Assisted reproductive technology (ART), including controlled ovarian stimulations (COS), in vitro maturation and cryopreservation of oocytes, in vitro fertilization (IVF), intracytoplasmic sperm injection (ICSI), embryo culture, and embryo transfer may affect the epigenetic modification at the imprinted region during gametogenesis and embryonic development in the preimplantation stage [9]. Therefore, ART has been considered as a risk factor for the development of IDs, particularly epimutation-mediated IDs (epi-IDs). Several studies, including IDs with all genetic causes (UPD, structural abnormalities, epimutation, and variants in causative genes), showed that the frequency of ART-conceived livebirths was higher in patients with Beckwith-Wiedemann syndrome (BWS), Silver-Russell syndrome (SRS), Angelman syndrome (AS), and Prader-Willi syndrome (PWS) than in the general population [10, 11]. In our previous study focused on epi-IDs, we demonstrated that ART can be a risk factor for the development of epi-IDs, particularly BWS and SRS, in mothers aged over 30 years [12]. However, it remains controversial whether ART increases the risk for the development of aneuploid gametes and aneuploid UPD in zygotes.
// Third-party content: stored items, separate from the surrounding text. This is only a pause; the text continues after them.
(* For all integers $m,n\geq 1$, \[p^{od}_{ed}(m,n)-p^{od}_{ed}(m,n-1)=D_o(m,n)-D_e(m,n-1).\]
   Context: $\mathcal{P}^{od}_{ed}$ is the set of integer partitions whose parts are all distinct and such that every even part is smaller than every odd part. Partitions consisting only of odd parts, or only of even parts, are allowed. For integers $m\ge 1$, $n\ge 0$: - $p^{od}_{ed}(m,n)$ is the number of partitions of $n$ in $\mathcal{P}^{od}_{ed}$ with exactly $m$ parts; in particular $p^{od}_{ed}(m,0)=0$. - $D_o(m,n)$ is the number of partitions of $n$ into exactly $m$ distinct odd parts. - $D_e(m,n)$ is the number of partitions of $n$ into exactly $m$ distinct even parts. *)

theory Defs
  imports Main
begin

text \<open>A partition into distinct parts is represented by its (finite) set of parts,
  all positive. The parts sum to n and there are exactly m of them.\<close>

definition distinct_parts :: "nat \<Rightarrow> nat \<Rightarrow> nat set set" where
  "distinct_parts m n = {S. finite S \<and> 0 \<notin> S \<and> card S = m \<and> \<Sum>S = n}"

definition p_od_ed :: "nat \<Rightarrow> nat \<Rightarrow> nat" where
  "p_od_ed m n = card {S \<in> distinct_parts m n.
      \<forall>a\<in>S. \<forall>b\<in>S. even a \<and> odd b \<longrightarrow> a < b}"

definition D_o :: "nat \<Rightarrow> nat \<Rightarrow> nat" where
  "D_o m n = card {S \<in> distinct_parts m n. \<forall>a\<in>S. odd a}"

definition D_e :: "nat \<Rightarrow> nat \<Rightarrow> nat" where
  "D_e m n = card {S \<in> distinct_parts m n. \<forall>a\<in>S. even a}"

end

theory Submission
  imports Defs
begin

text \<open>Split the partitions counted by \<open>p_od_ed\<close> according to whether they contain an even
  part and whether they contain an odd part. Those without even parts are counted by \<open>D_o\<close>,
  those without odd parts by \<open>D_e\<close>. The remaining classes are matched by a bijection: raising
  the least odd part of a partition of \<open>n - 1\<close> by one gives a partition of \<open>n\<close> whose greatest
  even part is the new one, and lowering that part by one undoes the move. Since every even part
  lies below every odd part, neither move collides with an existing part or breaks the order.\<close>

definition evens_below_odds :: "nat set \<Rightarrow> bool" where
  "evens_below_odds S \<longleftrightarrow> (\<forall>a\<in>S. \<forall>b\<in>S. even a \<and> odd b \<longrightarrow> a < b)"

definition raise_least_odd :: "nat set \<Rightarrow> nat set" where
  "raise_least_odd S = (let q = Min {a\<in>S. odd a} in insert (Suc q) (S - {q}))"

definition lower_greatest_even :: "nat set \<Rightarrow> nat set" where
  "lower_greatest_even T = (let e = Max {a\<in>T. even a} in insert (e - 1) (T - {e}))"

definition od_ed_with_even :: "nat \<Rightarrow> nat \<Rightarrow> nat set set" where
  "od_ed_with_even m n = {S \<in> distinct_parts m n. evens_below_odds S \<and> (\<exists>a\<in>S. even a)}"

definition od_ed_with_odd :: "nat \<Rightarrow> nat \<Rightarrow> nat set set" where
  "od_ed_with_odd m n = {S \<in> distinct_parts m n. evens_below_odds S \<and> (\<exists>a\<in>S. odd a)}"

lemma
  fixes f :: "'a \<Rightarrow> 'b::comm_monoid_add"
  assumes "finite S" and "x \<in> S" and "y \<notin> S"
  shows card_replace: "card (insert y (S - {x})) = card S"
    and sum_replace: "sum f (insert y (S - {x})) + f x = sum f S + f y"
proof -
  have "y \<notin> S - {x}" using assms(3) by simp
  then show "card (insert y (S - {x})) = card S"
    using card.remove[OF assms(1,2)] assms(1) by simp
  show "sum f (insert y (S - {x})) + f x = sum f S + f y"
    using assms \<open>y \<notin> S - {x}\<close> by (simp add: sum.remove[of S x] add_ac)
qed

lemma insert_Suc_least_odd:
  assumes S: "finite S" "evens_below_odds S"
    and q: "q \<in> S" "odd q" "\<And>a. a \<in> S \<Longrightarrow> odd a \<Longrightarrow> q \<le> a"
  defines "T \<equiv> insert (Suc q) (S - {q})"
  shows "Suc q \<notin> S" and "evens_below_odds T" and "Max {a\<in>T. even a} = Suc q"
proof -
  have below_q: "a < q" if "a \<in> S" "even a" for a
    using S(2) that q(1,2) unfolding evens_below_odds_def by blast
  then show "Suc q \<notin> S" using q(2) by fastforce
  show "evens_below_odds T"
    unfolding evens_below_odds_def
  proof (intro ballI impI)
    fix a b assume "a \<in> T" "b \<in> T" and ab: "even a \<and> odd b"
    then have b: "b \<in> S" "b \<noteq> q" using q(2) by (auto simp: T_def)
    show "a < b"
    proof (cases "a = Suc q")
      case True
      have "q < b" using q(3)[OF b(1)] b(2) ab by simp
      then show ?thesis using True q(2) ab by presburger
    next
      case False
      then have "a \<in> S" using \<open>a \<in> T\<close> by (simp add: T_def)
      then show ?thesis using S(2) b(1) ab unfolding evens_below_odds_def by blast
    qed
  qed
  show "Max {a\<in>T. even a} = Suc q"
    by (rule Max_eqI) (use S(1) q(2) in \<open>auto simp: T_def dest: below_q\<close>)
qed

lemma insert_pred_greatest_even:
  assumes T: "finite T" "0 \<notin> T" "evens_below_odds T"
    and e: "e \<in> T" "even e" "\<And>a. a \<in> T \<Longrightarrow> even a \<Longrightarrow> a \<le> e"
  defines "S \<equiv> insert (e - 1) (T - {e})"
  shows "e - 1 \<notin> T" and "odd (e - 1)" and "Suc (e - 1) = e"
    and "evens_below_odds S" and "Min {a\<in>S. odd a} = e - 1"
proof -
  have "e \<noteq> 0" using e(1) T(2) by metis
  then have "e \<ge> 2" using e(2) by presburger
  then show odd: "odd (e - 1)" and "Suc (e - 1) = e" using e(2) by auto
  have above_e: "e < b" if "b \<in> T" "odd b" for b
    using T(3) that e(1,2) unfolding evens_below_odds_def by blast
  then show "e - 1 \<notin> T" using odd by fastforce
  show "evens_below_odds S"
    unfolding evens_below_odds_def
  proof (intro ballI impI)
    fix a b assume "a \<in> S" "b \<in> S" and ab: "even a \<and> odd b"
    then have a: "a \<in> T" "a \<noteq> e" using odd by (auto simp: S_def)
    show "a < b"
    proof (cases "b = e - 1")
      case True
      have "a < e" using e(3)[OF a(1)] a(2) ab by simp
      then show ?thesis using True e(2) ab by presburger
    next
      case False
      then have "b \<in> T" using \<open>b \<in> S\<close> by (simp add: S_def)
      then show ?thesis using T(3) a(1) ab unfolding evens_below_odds_def by blast
    qed
  qed
  show "Min {a\<in>S. odd a} = e - 1"
    by (rule Min_eqI) (use T(1) odd in \<open>auto simp: S_def dest: above_e\<close>)
qed

lemma raise_least_odd_in_od_ed_with_even:
  assumes "S \<in> od_ed_with_odd m k"
  shows "raise_least_odd S \<in> od_ed_with_even m (Suc k)"
    and "lower_greatest_even (raise_least_odd S) = S"
proof -
  have S: "finite S" "0 \<notin> S" "card S = m" "\<Sum>S = k" "evens_below_odds S" "\<exists>a\<in>S. odd a"
    using assms unfolding od_ed_with_odd_def distinct_parts_def by auto
  define q where "q = Min {a\<in>S. odd a}"
  have odds: "finite {a\<in>S. odd a}" "{a\<in>S. odd a} \<noteq> {}" using S(1,6) by auto
  have q: "q \<in> S" "odd q" "\<And>a. a \<in> S \<Longrightarrow> odd a \<Longrightarrow> q \<le> a"
    using Min_in[OF odds] Min_le[OF odds(1)] by (auto simp: q_def)
  have T: "raise_least_odd S = insert (Suc q) (S - {q})"
    by (simp add: raise_least_odd_def q_def Let_def)
  note props = insert_Suc_least_odd[OF S(1,5) q]
  have "sum id (raise_least_odd S) + q = k + Suc q"
    using sum_replace[OF S(1) q(1) props(1), of id] S(4) by (simp add: T)
  then show "raise_least_odd S \<in> od_ed_with_even m (Suc k)"
    using S(1-3) props(2) q(2) card_replace[OF S(1) q(1) props(1)]
    by (auto simp: T od_ed_with_even_def distinct_parts_def)
  show "lower_greatest_even (raise_least_odd S) = S"
    using props(1,3) q(1) by (auto simp: lower_greatest_even_def T)
qed

lemma lower_greatest_even_in_od_ed_with_odd:
  assumes "T \<in> od_ed_with_even m (Suc k)"
  shows "lower_greatest_even T \<in> od_ed_with_odd m k"
    and "raise_least_odd (lower_greatest_even T) = T"
proof -
  have T: "finite T" "0 \<notin> T" "card T = m" "\<Sum>T = Suc k" "evens_below_odds T" "\<exists>a\<in>T. even a"
    using assms unfolding od_ed_with_even_def distinct_parts_def by auto
  define e where "e = Max {a\<in>T. even a}"
  have evens: "finite {a\<in>T. even a}" "{a\<in>T. even a} \<noteq> {}" using T(1,6) by auto
  have e: "e \<in> T" "even e" "\<And>a. a \<in> T \<Longrightarrow> even a \<Longrightarrow> a \<le> e"
    using Max_in[OF evens] Max_ge[OF evens(1)] by (auto simp: e_def)
  have S: "lower_greatest_even T = insert (e - 1) (T - {e})"
    by (simp add: lower_greatest_even_def e_def Let_def)
  note props = insert_pred_greatest_even[OF T(1,2,5) e]
  have "sum id (lower_greatest_even T) + e = Suc k + (e - 1)"
    using sum_replace[OF T(1) e(1) props(1), of id] T(4) by (simp add: S)
  then have "sum id (lower_greatest_even T) = k" using props(3) by simp
  then show "lower_greatest_even T \<in> od_ed_with_odd m k"
    using T(1-3) props(2,4) card_replace[OF T(1) e(1) props(1)]
    by (auto simp: S od_ed_with_odd_def distinct_parts_def)
  show "raise_least_odd (lower_greatest_even T) = T"
    using props(1,3,5) e(1) by (auto simp: raise_least_odd_def S)
qed

lemma card_od_ed_with_odd_eq_with_even:
  "card (od_ed_with_odd m k) = card (od_ed_with_even m (Suc k))"
proof (rule bij_betw_same_card[of raise_least_odd])
  show "bij_betw raise_least_odd (od_ed_with_odd m k) (od_ed_with_even m (Suc k))"
  proof (rule bij_betw_byWitness[of _ lower_greatest_even])
    show "\<forall>S\<in>od_ed_with_odd m k. lower_greatest_even (raise_least_odd S) = S"
      using raise_least_odd_in_od_ed_with_even(2) by blast
    show "\<forall>T\<in>od_ed_with_even m (Suc k). raise_least_odd (lower_greatest_even T) = T"
      using lower_greatest_even_in_od_ed_with_odd(2) by blast
    show "raise_least_odd ` od_ed_with_odd m k \<subseteq> od_ed_with_even m (Suc k)"
      using raise_least_odd_in_od_ed_with_even(1) by blast
    show "lower_greatest_even ` od_ed_with_even m (Suc k) \<subseteq> od_ed_with_odd m k"
      using lower_greatest_even_in_od_ed_with_odd(1) by blast
  qed
qed

lemma finite_distinct_parts: "finite (distinct_parts m n)"
proof (rule finite_subset)
  show "distinct_parts m n \<subseteq> Pow {0..n}"
  proof
    fix S assume "S \<in> distinct_parts m n"
    then have "finite S" "\<Sum>S = n" unfolding distinct_parts_def by auto
    moreover have "x \<le> \<Sum>S" if "x \<in> S" for x
      using member_le_sum[OF that _ \<open>finite S\<close>, of id] by simp
    ultimately show "S \<in> Pow {0..n}" by auto
  qed
qed simp

lemma
  shows p_od_ed_eq_with_even_plus_D_o: "p_od_ed m n = card (od_ed_with_even m n) + D_o m n"
    and p_od_ed_eq_with_odd_plus_D_e: "p_od_ed m n = card (od_ed_with_odd m n) + D_e m n"
proof -
  have fin: "finite {S \<in> distinct_parts m n. P S}" for P
    using finite_distinct_parts by simp
  have "p_od_ed m n = card (od_ed_with_even m n \<union> {S \<in> distinct_parts m n. \<forall>a\<in>S. odd a})"
    unfolding p_od_ed_def od_ed_with_even_def evens_below_odds_def by (rule arg_cong[of _ _ card]) auto
  also have "\<dots> = card (od_ed_with_even m n) + D_o m n"
    unfolding D_o_def od_ed_with_even_def by (rule card_Un_disjoint) (use fin in auto)
  finally show "p_od_ed m n = card (od_ed_with_even m n) + D_o m n" .
  have "p_od_ed m n = card (od_ed_with_odd m n \<union> {S \<in> distinct_parts m n. \<forall>a\<in>S. even a})"
    unfolding p_od_ed_def od_ed_with_odd_def evens_below_odds_def by (rule arg_cong[of _ _ card]) auto
  also have "\<dots> = card (od_ed_with_odd m n) + D_e m n"
    unfolding D_e_def od_ed_with_odd_def by (rule card_Un_disjoint) (use fin in auto)
  finally show "p_od_ed m n = card (od_ed_with_odd m n) + D_e m n" .
qed

theorem mainTheorem1:
  fixes m n :: nat
  assumes "m \<ge> 1" and "n \<ge> 1"
  shows "int (p_od_ed m n) - int (p_od_ed m (n - 1)) = int (D_o m n) - int (D_e m (n - 1))"
proof -
  obtain k where n: "n = Suc k" using assms(2) by (cases n) auto
  have "p_od_ed m n = card (od_ed_with_even m n) + D_o m n"
    by (rule p_od_ed_eq_with_even_plus_D_o)
  moreover have "p_od_ed m (n - 1) = card (od_ed_with_even m n) + D_e m (n - 1)"
    using p_od_ed_eq_with_odd_plus_D_e[of m k] card_od_ed_with_odd_eq_with_even[of m k] n by simp
  ultimately show ?thesis by simp
qed

end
COS, particularly using high-dose gonadotropins, has been reported to increase the frequency of oocyte aneuploidy because of stimulated meiotic progression that leads to segregation errors [13, 14]. On the contrary, a recent retrospective study in Chinese women using anonymized data on preimplantation genetic screening for blastocysts found that gonadotropin dosage is not associated with embryonic aneuploidy [15]. In addition, molecular cytogenic analysis of early spontaneous abortions revealed that IVF and ICSI did not enhance aneuploidy rate [16]. Although a previous study assessed the risk of ART focusing on PWS due to UPDmat of chromosome 15 (UPD(15)mat) [17], there was no study which evaluated the effect of ART on the development of various aneuploid UPD-mediated IDs. Moreover, the confounding effect of advanced parental age at childbirth remains to be elucidated.
To clarify whether ART or advanced parental age at childbirth facilitates the development of aneuploid UPD-mediated IDs (UPD-IDs), we compared (1) the proportion of ART-conceived livebirths and the distribution of maternal childbearing age between patients with aneuploid UPD-IDs and that of the general population or patients with epi-IDs by utilizing previous data from our cross-sectional study [12], and (2) the proportion of ART-conceived livebirths and parental ages at childbirth between patients with UPD-IDs caused by aneuploid oocytes and those with UPD-IDs caused by aneuploid sperms.